Rumors that the Defense Department will be getting rid of the commissaries have been flying all over the internet since a November report from one Senator’s office labeled them as one more thing the military could do away with to save some coin.
The rumors, of course, are not true. Closing the commissaries would take an act of Congress (not just a report from one member of Congress) stripping their funding and shutting their doors.
But that doesn’t mean that there isn’t some validity to the fear that such a move may, eventually, come to fruition.
This isn't the first time such a proposal has been made. Around this time last year one congressional committee voted to give the money they usually spend on commissaries to another fund to take care of sick veterans. Instead they planned to have AAFES, which runs the Army and Air Force PX and BX systems, take over the operation.

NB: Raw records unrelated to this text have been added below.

(* Let $C$ be a set and let $L_1,L_2$ be objects of $\mathrm{SList}(C)$. Sending a morphism $L_1\to L_2$ to its associated bijection of index sets defines a bijection between the set of morphisms $L_1\to L_2$ in $\mathrm{SList}(C)$ and the set of bijections $\phi:\{0,\dots,\mathrm{length}(L_2)-1\}\xrightarrow{\sim}\{0,\dots,\mathrm{length}(L_1)-1\}$ such that $L_1[\phi(i)]=L_2[i]$ for all $i$.
   Context: $\mathrm{SList}(C)$ is the category whose objects are finite lists of elements of $C$ and whose morphisms are generated by $\mathrm{sw}_{a,b,l}:a::b::l\to b::a::l$ and $x::_mf:x::l\to x::l'$ (for $f:l\to l'$), subject to: functoriality of $x::_m-$, naturality of $\mathrm{sw}_{a,b,l}$ in $l$, $\mathrm{sw}_{b,a,l}\circ\mathrm{sw}_{a,b,l}=\mathrm{Id}$, and the hexagon relation $\mathrm{sw}_{b,c,a::l}\circ(b::_m\mathrm{sw}_{a,c,l})\circ\mathrm{sw}_{a,b,c::l}=(c::_m\mathrm{sw}_{a,b,l})\circ\mathrm{sw}_{a,c,b::l}\circ(a::_m\mathrm{sw}_{b,c,l})$. $L[i]$ denotes the $i$-th entry (0-indexed) of the list $L$. The bijection associated to a morphism $f:L_1\to L_2$ is the map $\{0,\dots,\mathrm{length}(L_2)-1\}\to\{0,\dots,\mathrm{length}(L_1)-1\}$ obtained by restricting the permutation of $\mathbb{N}$ given by the image of $w(f)$ under the homomorphism $\overline{\mathrm{A}_\infty}\to\mathrm{Perm}(\mathbb{N})$, $s_k\mapsto(k\ k+1)$; here $w$ is the functor $\mathrm{SList}(C)\to(\mathrm{B}\overline{\mathrm{A}_\infty})^{\mathrm{op}}$ with $w(\mathrm{sw}_{a,b,l})=s_0$ and $w(x::_mf)$ obtained from $w(f)$ by the shift $s_i\mapsto s_{i+1}$ ($\overline{\mathrm{A}_\infty}$ being the Coxeter group with generators $s_i$, $i\in\mathbb{N}$, relations $s_i^2=e$, $(s_is_{i+1})^3=e$, $(s_is_j)^2=e$ for $|i-j|>1$). Concretely, $\mathrm{sw}_{a,b,l}$ corresponds to the transposition of indices $0$ and $1$, and $x::_mf$ fixes index $0$ and acts as the bijection of $f$ shifted by one on the remaining indices. *)

theory Defs
  imports "HOL-Library.FuncSet"
begin

text \<open>Syntactic morphism terms of SList(C), with C a type 'c.
  MComp g f denotes g composed after f.\<close>
datatype 'c mterm =
    MId "'c list"
  | MSw 'c 'c "'c list"
  | MCons 'c "'c mterm"
  | MComp "'c mterm" "'c mterm"

inductive mtyped :: "'c mterm \<Rightarrow> 'c list \<Rightarrow> 'c list \<Rightarrow> bool" where
  ty_id: "mtyped (MId l) l l"
| ty_sw: "mtyped (MSw a b l) (a # b # l) (b # a # l)"
| ty_cons: "mtyped f l l' \<Longrightarrow> mtyped (MCons x f) (x # l) (x # l')"
| ty_comp: "mtyped f l1 l2 \<Longrightarrow> mtyped g l2 l3 \<Longrightarrow> mtyped (MComp g f) l1 l3"

inductive meqv :: "'c mterm \<Rightarrow> 'c mterm \<Rightarrow> bool" where
  eq_refl: "mtyped f l1 l2 \<Longrightarrow> meqv f f"
| eq_sym: "meqv f g \<Longrightarrow> meqv g f"
| eq_trans: "meqv f g \<Longrightarrow> meqv g h \<Longrightarrow> meqv f h"
| eq_cong_cons: "meqv f g \<Longrightarrow> meqv (MCons x f) (MCons x g)"
| eq_cong_comp: "meqv f f' \<Longrightarrow> meqv g g' \<Longrightarrow> mtyped f l1 l2 \<Longrightarrow> mtyped g l2 l3
      \<Longrightarrow> meqv (MComp g f) (MComp g' f')"
| eq_id_left: "mtyped f l1 l2 \<Longrightarrow> meqv (MComp (MId l2) f) f"
| eq_id_right: "mtyped f l1 l2 \<Longrightarrow> meqv (MComp f (MId l1)) f"
| eq_assoc: "mtyped f l1 l2 \<Longrightarrow> mtyped g l2 l3 \<Longrightarrow> mtyped h l3 l4
      \<Longrightarrow> meqv (MComp h (MComp g f)) (MComp (MComp h g) f)"
| eq_cons_id: "meqv (MCons x (MId l)) (MId (x # l))"
| eq_cons_comp: "mtyped f l1 l2 \<Longrightarrow> mtyped g l2 l3
      \<Longrightarrow> meqv (MCons x (MComp g f)) (MComp (MCons x g) (MCons x f))"
| eq_nat: "mtyped f l l'
      \<Longrightarrow> meqv (MComp (MCons b (MCons a f)) (MSw a b l)) (MComp (MSw a b l') (MCons a (MCons b f)))"
| eq_inv: "meqv (MComp (MSw b a l) (MSw a b l)) (MId (a # b # l))"
| eq_hex: "meqv (MComp (MSw b c (a # l)) (MComp (MCons b (MSw a c l)) (MSw a b (c # l))))
               (MComp (MCons c (MSw a b l)) (MComp (MSw a c (b # l)) (MCons a (MSw b c l))))"

definition slist_rel :: "'c list \<Rightarrow> 'c list \<Rightarrow> ('c mterm \<times> 'c mterm) set" where
  "slist_rel L1 L2 = {(f, g). mtyped f L1 L2 \<and> mtyped g L1 L2 \<and> meqv f g}"

definition slist_hom :: "'c list \<Rightarrow> 'c list \<Rightarrow> 'c mterm set set" where
  "slist_hom L1 L2 = {f. mtyped f L1 L2} // slist_rel L1 L2"

text \<open>Permutation of the naturals associated to a term (the image of w(f) in Perm(N)):
  sw is the transposition (0 1), MCons fixes 0 and shifts, and composition is
  contravariant since w lands in the opposite category.\<close>
fun mperm :: "'c mterm \<Rightarrow> nat \<Rightarrow> nat" where
  "mperm (MId l) = id"
| "mperm (MSw a b l) = (\<lambda>i. if i = 0 then 1 else if i = 1 then 0 else i)"
| "mperm (MCons x f) = (\<lambda>i. if i = 0 then 0 else Suc (mperm f (i - 1)))"
| "mperm (MComp g f) = mperm f \<circ> mperm g"

definition assoc_bij :: "'c list \<Rightarrow> 'c mterm set \<Rightarrow> nat \<Rightarrow> nat" where
  "assoc_bij L2 X = the_elem ((\<lambda>f. restrict (mperm f) {..<length L2}) ` X)"

end

theory Submission
  imports Defs
begin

That move was undone by a later vote, but in the meantime there was plenty of chance to debate whether or not unfunding the commissary was even a good idea. Some said “yes.” Most said, “no.” The “yes” folks pointed to a Congressional Budget Office report that said that doing so would save over $1 billion a year. The “no” people said that the higher costs to users – especially to those living oversees – would be debilitating.
In the end we all ignored the whole thing and moved on with our lives.
But now that the fiscal cliff is creeping closer and closer to becoming a reality – and we know that regardless budget cuts will happen – the commissary closures are starting to sound a good deal more likely. The recently released annual commissary report card touts, as it usually does, what DeCA sees as its invaluable nature to the lives of military families. And a commissary support organization continues to highlight the savings military families receive.
What do you think? Could you live without the commissary?